The larger question,
of course, is how all this will be enforced going forward. Unless
there is a formal indigenous securities' market, it's
difficult to see how the restrictions on sales will be enforced
on a regular basis. And it will prove cumber-some for indigenous
investors to trade their shares without flouting the regulations.
In addition, it's hard to see how publicly listed companies
can be made accountable for change of ownership of shares between
investors. Once given to the indigenous investors, the company can
have no control over what the indigenous investor does with the
shares. The share represents the investor's interest in the
company and the investor has a legitimate right to deal in the share
as he deems fit. The indigenous investor is free to keep or sell
the shares in accordance with stock market norms. To restrict him
would be to deny him his freedom too and therefore negate the whole
essence of empowerment.
Perhaps the
state would have put in place a rule that gives them the right of
first refusal in the public share market.

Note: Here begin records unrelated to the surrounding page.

(* Let $a,b$ be positive integers with $\gcd(a,b)=1$. For all $\pi\in\mathcal{D}_{b,-a}(a,b)$, $\mathrm{word}(\widetilde{\rho}\circ\tilde f(\pi))=\mathrm{sw}^+_{b,-a}\circ\mathrm{rev}(\mathrm{word}(\pi))$.
   Context: Partitions are drawn in English convention in the first quadrant; a partition with at most $a$ parts, each at most $b$, has as frontier a lattice path from $(0,0)$ to $(b,a)$ with unit north (N) and east (E) steps, its diagram being the unit squares above and to the left of the path; $\mathrm{word}(\lambda)\in\{\mathrm{N},\mathrm{E}\}^*$ is the word of this frontier path. $\mathrm{rev}$ reverses a word. For a word $u$ with finitely many N's, $\mathrm{ptn}(u)$ is the partition whose parts are, for each N of $u$, the number of E's preceding it. The $(b,-a)$-level of a lattice point $(x,y)$ is $by-ax$; a unit square $[x,x+1]\times[y,y+1]$ has the level of its southeast corner. Under the west-south convention, a step of a path gets the level of its starting point. $\mathcal{D}_{b,-a}(a,b)$ is the set of partitions fitting in the $a\times b$ rectangle whose frontier path visits only points of nonnegative level. For $\pi\in\mathcal{D}_{b,-a}(a,b)$ let $L(\pi)$ be the set of levels of unit squares lying above the line $by=ax$ and below the frontier path of $\pi$. Let $z=z_0z_1z_2\cdots$ with $z_0=\mathrm{E}$ and, for $i>0$, $z_i=\mathrm{N}$ if $i\in L(\pi)$ and $z_i=\mathrm{E}$ otherwise; $\tilde f(\pi)=\mathrm{ptn}(z)$. Let $y$ be the subword of $z$ consisting of those $z_i$ ($i\ge0$) for which $i+a$ is the west-south level of some step of the frontier path of $\pi$; then $\widetilde\rho(\tilde f(\pi))=\mathrm{ptn}(y)$, regarded as a partition fitting in the $a\times b$ rectangle. For a word $w=w_1\cdots w_n$, set $l_0=0$, $l_i=l_{i-1}+b$ if $w_i=\mathrm{N}$, $l_i=l_{i-1}-a$ if $w_i=\mathrm{E}$. $\mathrm{sw}^+_{b,-a}(w)$ is obtained by: for $k=0,-1,-2,\ldots$ and then $k=\ldots,3,2,1$ (all nonpositive values in decreasing order, then positive values in decreasing order), scan $w$ from left to right appending each $w_i$ ($i\ge1$) with $l_i=k$. *)

theory Defs
  imports Main "HOL-Library.Multiset"
begin
(* Let $(P,r,\gamma)$ be a discounted MDP with finite $\mathcal{S},\mathcal{A}$, $r:\mathcal{S}\times\mathcal{A}\to[0,1]$, $\gamma\in(0,1)$, and let $M>0$, $\varepsilon>0$. Define $\mathcal{L}=\mathrm{Clip}_M\circ\mathcal{T}_\gamma$ and run the Span-Constrained Planning algorithm: $V^0=\mathbf 0$, $T=\big\lceil \log(\frac{3}{(1-\gamma)^2\varepsilon})/(1-\gamma)\big\rceil$, $V^{t+1}=\mathcal{L}(V^t)$ for $t=0,\dots,T-1$; choose $\widehat\pi(s)\in\arg\max_a r(s,a)+\gamma P_{sa}V^T$; set $m=\min_sV^T(s)$ and $\tilde r(s,a)=\min\{m+M-\gamma P_{sa}V^T,\ r(s,a)\}$; return $\widehat\pi,V^T,\tilde r$. Then $\mathcal{L}$ is a $\gamma$-contraction in $\|\cdot\|_\infty$ with a unique fixed point $V^\star_{\gamma,M}$, and: 1. $\|V^T-V^\star_{\gamma,M}\|_\infty\le\varepsilon$; 2. $\tilde r\le r$, $\|V^{\widehat\pi}_{\gamma,\tilde r}-V^\star_{\gamma,M}\|_\infty\le\varepsilon$, and $\|V^{\widehat\pi}_{\gamma,\tilde r}\|_{\mathrm{sp}}\le M+2\varepsilon$; 3. for any policy $\pi'$ and reward function $r'\le r$ with $\|V^{\pi'}_{\gamma,r'}\|_{\mathrm{sp}}\le M$, we have $V^\star_{\gamma,M}\ge V^{\pi'}_{\gamma,r'}$ and $V^{\widehat\pi}_\gamma\ge V^{\widehat\pi}_{\gamma,\tilde r}\ge V^\star_{\gamma,M}-\varepsilon\mathbf 1\ge V^{\pi'}_{\gamma,r'}-\varepsilon\mathbf 1$.
   Context: $\mathcal{T}_\gamma(V)(s)=\max_a\big(r(s,a)+\gamma\sum_{s'}P(s'\mid s,a)V(s')\big)$; $P_{sa}V=\sum_{s'}P(s'\mid s,a)V(s')$. $\mathrm{Clip}_M(V)=\min\{V,(M+\min_{s'}V(s'))\mathbf 1\}$ (elementwise minimum). $V^\pi_{\gamma,r'}(s)=\mathbb{E}^\pi_s[\sum_{t\ge0}\gamma^tr'(S_t,A_t)]$ is the value of $\pi$ in the DMDP $(P,r',\gamma)$ and $V^\pi_\gamma=V^\pi_{\gamma,r}$. $\|x\|_{\mathrm{sp}}=\max_sx(s)-\min_sx(s)$. Inequalities between vectors/functions are elementwise. *)

theory Defs
  imports Complex_Main
begin

text \<open>Transition kernel P s a s' = probability of moving to s' from s under action a.\<close>

definition stochastic_kernel :: "('s::finite \<Rightarrow> 'a::finite \<Rightarrow> 's \<Rightarrow> real) \<Rightarrow> bool" where
  "stochastic_kernel P \<longleftrightarrow> (\<forall>s a s'. 0 \<le> P s a s') \<and> (\<forall>s a. (\<Sum>s'\<in>UNIV. P s a s') = 1)"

This would have the effect
that whenever an indigenous investor wants to sell his shares, he
would be obliged to make a first offer to the state which would
decide whether or not to buy. But surely, if the state had the resources
to buy the shares in public companies, they would simply have bought
51% of every foreign-owned company and then sell on the shares to
indigenous Zimbabweans. The state has no money.
In fact, inserting
the right of first refusal would not work just as it didn't
work in relation to the land issue when the state failed to maximise
on its right of first refusal for many years after independence
in 1980. In any event, the state has a poor record in business management
as evidenced by the demise of almost every company in which it has
a majority interest, the ailing Air Zimbabwe being a prime ex-ample.

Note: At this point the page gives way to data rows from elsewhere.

lemma green_root_neighbour:
  assumes "green [] [] = 0"
  shows "\<exists>t\<in>letters S. green [t] [] \<noteq> 0"
proof -
  have "transP S mu (\<lambda>x. green x []) [] = -1"
    using assms fun_cong[OF shiftP_green[OF fg_verts_Nil], of "[]"]
    by (simp add: shiftP_def minus_equation_iff)
  then have "(\<Sum>\<^sub>\<infinity>y\<in>V. of_real (p [] y) * green y []) \<noteq> 0"
    by (simp add: transP_def)
  then obtain y where y: "y \<in> V" and "of_real (p [] y) * green y [] \<noteq> 0"
    using infsum_0 by meson
  then have "p [] y \<noteq> 0" "green y [] \<noteq> 0" by auto
  then obtain t where "t \<in> letters S" "y = [t]"
    using trans_p_neq_zero_imp_neighbour[OF fg_verts_Nil y] by (metis step_def append_Nil)
  then show ?thesis using \<open>green y [] \<noteq> 0\<close> by blast
qed

lemma green_restrict_branch:
  assumes g0: "green [] [] = 0" and t: "t \<in> letters S"
  shows "(\<lambda>z. if z \<in> branch t then green z [] else 0)
       = (\<lambda>z. (- of_real (mu t) * green [t] []) * green z [])"
proof -
  let ?g = "\<lambda>z. green z []"
  let ?c = "- of_real (mu t) * green [t] []"
  have "shiftP S mu lam (\<lambda>z. if z \<in> branch t then ?g z else 0) z = ?c * indicator {[]} z" for z
  proof (cases "z \<in> V")
    case False
    then show ?thesis
      using l2m_outside[OF green_in_l2m[OF fg_verts_Nil] False]
      by (auto simp: shiftP_def transP_def indicator_def)
  next
    case z: True
    show ?thesis
    proof (cases "z = []")
      case True
      then show ?thesis
        using transP_restrict_branch_Nil[OF t, of ?g] by (simp add: shiftP_def branch_def)
    next
      case False
      then show ?thesis
        using fun_cong[OF shiftP_green[OF fg_verts_Nil], of z] g0
        by (auto simp: shiftP_def transP_restrict_branch[OF z False])
    qed
  qed
  then have "(\<lambda>z. if z \<in> branch t then ?g z else 0) = R (\<lambda>z. ?c * indicator {[]} z)"
    by (intro shiftP_eq_imp_eq_R l2m_restrict l2m_scaleC green_in_l2m indicator_in_l2m fg_verts_Nil) auto
  moreover have "(\<lambda>z. ?c * ?g z) = R (\<lambda>z. ?c * indicator {[]} z)"
    by (intro shiftP_eq_imp_eq_R l2m_scaleC green_in_l2m indicator_in_l2m fg_verts_Nil)
      (simp only: shiftP_scaleC shiftP_green[OF fg_verts_Nil])
  ultimately show ?thesis by simp
qed
definition algorithm2 :: "nat \<Rightarrow> nat \<Rightarrow> 'a::field poly \<Rightarrow> 'a poly \<Rightarrow>
    (('a poly \<times> 'a poly) \<times> ('a poly \<times> 'a poly)) option" where
  "algorithm2 q k PP LL = map_option (\<lambda>(P, K, N, D). ((P, K), (N, D)))
      (while_option (alg2_cond q k) (alg2_step q) (alg2_init PP LL))"

end

theory Submission
  imports Defs "HOL-Number_Theory.Residues"
begin

text \<open>
  Algorithm 2 is the Euclidean algorithm for right division in the ring of linearized
  polynomials under composition, run on the rows \<open>(\<Pi>, 0)\<close> and \<open>(-\<Lambda>, x)\<close> that generate the
  interpolation module by definition. Each step is an elementary row operation, so the two rows
  keep generating the module, while the \<open>q\<close>-degree of the remainder drops and the \<open>q\<close>-degrees
  of the four entries keep satisfying an invariant. When the loop stops, the invariant puts
  the leading monomial of the first row in position 1 and that of the second row in
  position 2. Comparing \<open>q\<close>-degrees in a relation between the rows then shows that they are
  independent, and a leading monomial can never be reduced by one in the other position.
  The invariant holds initially because \<open>\<Pi>\<close> and \<open>\<Lambda>\<close> are linearized with
  \<open>qdeg \<Lambda> < qdeg \<Pi> = n\<close>: for \<open>\<Pi>\<close> this follows from the additivity of \<open>x \<mapsto> x\<^sup>q\<close> and
  the factorization of \<open>x\<^sup>q - x\<close> into the linear factors \<open>x - c\<close>, \<open>c \<in> \<bbbF>\<^sub>q\<close>; for \<open>\<Lambda>\<close>
  from a Laplace expansion along the only non-constant column.
\<close>

(* HOL-Algebra, imported by Residues, has its own monom and coeff of univariate polynomials. *)
hide_const (open) UnivPoly.monom UnivPoly.coeff

section \<open>Finite fields and polynomials\<close>

lemma field_power_card_eq_self:
  fixes x :: "'a::{finite,field}"
  shows "x ^ card (UNIV :: 'a set) = x"
proof -
  let ?U = "UNIV - {0::'a}"
  have card_U: "card (UNIV :: 'a set) = Suc (card ?U)"
    using finite_UNIV_card_ge_0[where ?'a = 'a] by (simp add: card_Diff_singleton)
  show ?thesis
  proof (cases "x = 0")
    case True
    then show ?thesis
      by (simp only: card_U power_Suc mult_zero_left)
  next
    case False
    have "(\<Prod>y\<in>?U. x * y) = \<Prod>?U"
      by (rule prod.reindex_bij_witness[of _ "\<lambda>y. y / x" "\<lambda>y. x * y"]) (use False in auto)
    moreover have "\<Prod>?U \<noteq> 0"
      by simp
    ultimately have "x ^ card ?U = 1"
      by (simp add: prod.distrib)
    then show ?thesis
      by (simp only: card_U power_Suc mult_1_right)
  qed
qed

lemma CHAR_eq_prime_of_card:
  assumes "prime p" and "card (UNIV :: 'a::{finite,field} set) = p ^ n" and "n \<ge> 1"
  shows "CHAR('a) = p"
proof -
  have "prime CHAR('a)"
    by (simp add: finite_imp_CHAR_pos prime_CHAR_semidom)
  moreover have "CHAR('a) dvd p ^ n"
    using CHAR_dvd_CARD[where 'a = 'a] assms(2) by simp
  ultimately show ?thesis
    using assms(1) prime_dvd_power primes_dvd_imp_eq by blast
qed

lemma
  assumes "n \<ge> 2"
  shows degree_monom_minus_X: "degree (monom (1::'b::field) n - [:0, 1:]) = n"
    and coeff_monom_minus_X: "coeff (monom (1::'b) n - [:0, 1:]) n = 1"
proof -
  show "coeff (monom (1::'b) n - [:0, 1:]) n = 1"
    using assms by (simp add: coeff_pCons split: nat.split)
  moreover have "degree (monom (1::'b) n - [:0, 1:]) \<le> n"
    using assms by (intro degree_diff_le) (auto simp: degree_monom_eq)
  ultimately show "degree (monom (1::'b) n - [:0, 1:]) = n"
    by (metis antisym le_degree zero_neq_one)
qed

lemma pcompose_power: "pcompose (p ^ n) r = pcompose p r ^ n"
  by (induction n) (simp_all add: pcompose_1 pcompose_mult)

Furthermore, it would have the potential to create a bureaucratic
and cumbersome process that would cause stock market inefficiencies.
As I have always
maintained, I have no problem whatsoever with the theory behind
policies to take ordinary people out of poverty and to benefit local
communities from natural resources. Some people think when we are
critical and point to loopholes that we are stridently opposed to
ideas of empowerment. No, we are not. We simply plead that there
be some modest investment in careful thought be-fore taking steps
that ultimately kill the proverbial goose that lays the golden eggs.

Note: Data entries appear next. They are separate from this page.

lemma slice_ball_axis:
  fixes c r t :: real
  assumes "0 \<le> r"
  shows "Pair t -` ball (c, 0::real) r = {- sqrt (max 0 (r\<^sup>2 - (t - c)\<^sup>2))<..<sqrt (max 0 (r\<^sup>2 - (t - c)\<^sup>2))}"
proof -
  have "dist (c, 0) (t, s) < r \<longleftrightarrow> s\<^sup>2 < r\<^sup>2 - (t - c)\<^sup>2" for s
  proof -
    have "dist (c, 0) (t, s) = sqrt ((t - c)\<^sup>2 + s\<^sup>2)"
      by (simp add: dist_Pair_Pair dist_real_def power2_commute)
    also have "\<dots> < r \<longleftrightarrow> (t - c)\<^sup>2 + s\<^sup>2 < r\<^sup>2"
      using assms real_sqrt_less_iff[of _ "r\<^sup>2"] by simp
    finally show ?thesis by linarith
  qed
  moreover have "s\<^sup>2 < x \<longleftrightarrow> \<bar>s\<bar> < sqrt (max 0 x)" for s x :: real
    by (smt (verit, best) real_sqrt_abs real_sqrt_less_iff real_sqrt_zero zero_le_power2)
  ultimately show ?thesis by (auto simp: abs_less_iff)
qed

lemma emeasure_lborel_upper_half_ball:
  fixes c r :: real
  assumes "0 \<le> r"
  shows "emeasure lborel (ball (c, 0::real) r \<inter> {y. 0 < snd y}) = ennreal (pi * r\<^sup>2 / 2)"
proof -
  define w where "w t = sqrt (max 0 (r\<^sup>2 - (t - c)\<^sup>2))" for t
  have half_borel: "ball (c, 0::real) r \<inter> {y. 0 < snd y} \<in> sets borel"
    by (intro sets.Int borel_open open_ball open_Collect_less continuous_intros)
  have upper: "Pair t -` (ball (c, 0::real) r \<inter> {y. 0 < snd y}) = {0<..<w t}" for t
    using slice_ball_axis[OF assms] by (auto simp: w_def)
  have "emeasure lborel (ball (c, 0::real) r) = ennreal (pi * r\<^sup>2)"
    using emeasure_ball[of r "(c, 0::real)"] assms by (simp add: unit_ball_vol_2 power2_eq_square)
  then have "ennreal 2 * ennreal (pi * r\<^sup>2 / 2) = emeasure lborel (ball (c, 0::real) r)"
    by (subst ennreal_mult[symmetric]) auto
  also have "\<dots> = (\<integral>\<^sup>+t. ennreal (2 * w t) \<partial>lborel)"
    by (simp add: emeasure_lborel_pair_slices slice_ball_axis[OF assms] w_def)
  also have "\<dots> = ennreal 2 * (\<integral>\<^sup>+t. ennreal (w t) \<partial>lborel)"
    by (simp add: w_def ennreal_mult nn_integral_cmult)
  also have "(\<integral>\<^sup>+t. ennreal (w t) \<partial>lborel) = emeasure lborel (ball (c, 0::real) r \<inter> {y. 0 < snd y})"
    unfolding emeasure_lborel_pair_slices[OF half_borel] upper by (simp add: w_def)
  finally show ?thesis
    by (simp only: ennreal_mult_cancel_left) simp
qed

lemma borel_measurable_snd [measurable]: "(snd :: real \<times> real \<Rightarrow> real) \<in> borel_measurable borel"
  by (intro borel_measurable_continuous_onI continuous_intros)

lemma borel_strip [measurable]: "B \<in> sets borel \<Longrightarrow> B \<times> {0::real<..} \<in> sets borel"
  by (intro borel_Times) simp_all

lemma sets_head_intensity [simp, measurable_cong]: "sets (head_intensity lam) = sets borel"
  by (simp add: head_intensity_def)

lemma emeasure_head_intensity:
  assumes "0 \<le> lam" and "X \<in> sets borel"
  shows "emeasure (head_intensity lam) X = ennreal (2 * lam) * emeasure lborel (X \<inter> {y. 0 < snd y})"
proof -
  have "emeasure (head_intensity lam) X =
      (\<integral>\<^sup>+y. ennreal (2 * lam) * indicator (X \<inter> {y. 0 < snd y}) y \<partial>lborel)"
    unfolding head_intensity_def using assms(2)
    by (subst emeasure_density) (auto intro!: nn_integral_cong simp: indicator_def)
  then show ?thesis
    using assms(2) by (simp add: nn_integral_cmult_indicator)
qed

I am not sure if the practical ramifications discussed above were
considered and if so, whether there are mechanisms in place to deal
with the challenges.
When all is
said and done, the great tragedy is that there is no ideological
shift at all behind the indigenisation agenda - it is not
challenging the neo-liberal capitalist system - rather it
is an attempt to remove the shoes from the feet of one set of owners
of capital and into them place the feet of a new set of owners,
albeit bearing a different complexion. There is nothing original
or revolutionary about it and that is what is really and truly sad.